*Problem details:*
Starting at the line with "with K \<open>p", set down each line of the entries below through the last one, exactly as it stands.

___ Input material

lemma annihilates_trajectories_compose:
  fixes A :: "'a::euclidean_space \<Rightarrow> 'a" and B :: "'b::euclidean_space \<Rightarrow> 'a"
  assumes A: "linear A" and B: "linear B" and M: "bounded_linear M" and T: "T > 0"
    and ann: "annihilates_trajectories A B T M"
  shows "annihilates_trajectories A B T (\<lambda>v. M (A v))"
  unfolding annihilates_trajectories_def
proof (intro allI impI)
  fix \<eta> z t assume \<eta>: "admissible_control \<eta>" and z: "integral_solution A 0 (\<lambda>t. B (\<eta> t)) T z"
    and t: "t \<in> {0..T}"
  obtain D where D: "\<And>s. (\<eta> has_vector_derivative D s) (at s)"
    using \<eta> unfolding admissible_control_def by blast
  have "M (A (z t) + B (D t)) = 0"
    using ann \<eta> z t
    by (intro has_vector_derivative_vanishing_on_interval[OF T t bounded_linear.has_vector_derivative[OF M
          linear_integral_solution_has_vector_derivative[OF A B z D t]]])
      (auto simp: annihilates_trajectories_def)
  then show "M (A (z t)) = 0"
    using annihilates_trajectories_input[OF A B M T ann, of "D t"]
    by (simp add: linear_add[OF bounded_linear.linear[OF M]])
qed

lemma reachable_set_eq_UNIV:
  fixes A :: "'a::euclidean_space \<Rightarrow> 'a" and B :: "'b::euclidean_space \<Rightarrow> 'a"
  assumes A: "linear A" and B: "linear B" and T: "T > 0"
    and K: "\<And>p. (\<forall>j w. p \<bullet> (A ^^ j) (B w) = 0) \<Longrightarrow> p = 0"
  shows "reachable_set A B T = UNIV"
proof (rule ccontr)
  assume "reachable_set A B T \<noteq> UNIV"
  then have "span (reachable_set A B T) \<noteq> UNIV"
    using subspace_reachable_set[OF A B, of T] by (metis span_eq_iff)
  then obtain p :: 'a where "p \<noteq> 0" and p: "span (reachable_set A B T) \<subseteq> {v. p \<bullet> v = 0}"
    using span_not_univ_subset_hyperplane by blast
  have "bounded_linear (\<lambda>v. p \<bullet> (A ^^ j) v) \<and> annihilates_trajectories A B T (\<lambda>v. p \<bullet> (A ^^ j) v)"
    for j
  proof (induction j)
    case 0
    show ?case
      using annihilates_trajectories_if_orthogonal_reachable[OF A B, of T p] p span_superset
      by (auto intro: bounded_linear_inner_right)
  next
    case (Suc j)
    have "(\<lambda>v. p \<bullet> (A ^^ Suc j) v) = (\<lambda>v. p \<bullet> (A ^^ j) (A v))"
      by (simp only: funpow_Suc_right o_apply)
    then show ?case
      using Suc annihilates_trajectories_compose[OF A B _ T] bounded_linear_compose[of _ A] A
      by (auto simp: linear_conv_bounded_linear)
  qed
  then have "p \<bullet> (A ^^ j) (B w) = 0" for j w
    using annihilates_trajectories_input[OF A B _ T] by blast
  with K \<open>p \<noteq> 0\<close> show False by blast
qed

______

*Result of the task:*
  with K \<open>p \<noteq> 0\<close> show False by blast
qed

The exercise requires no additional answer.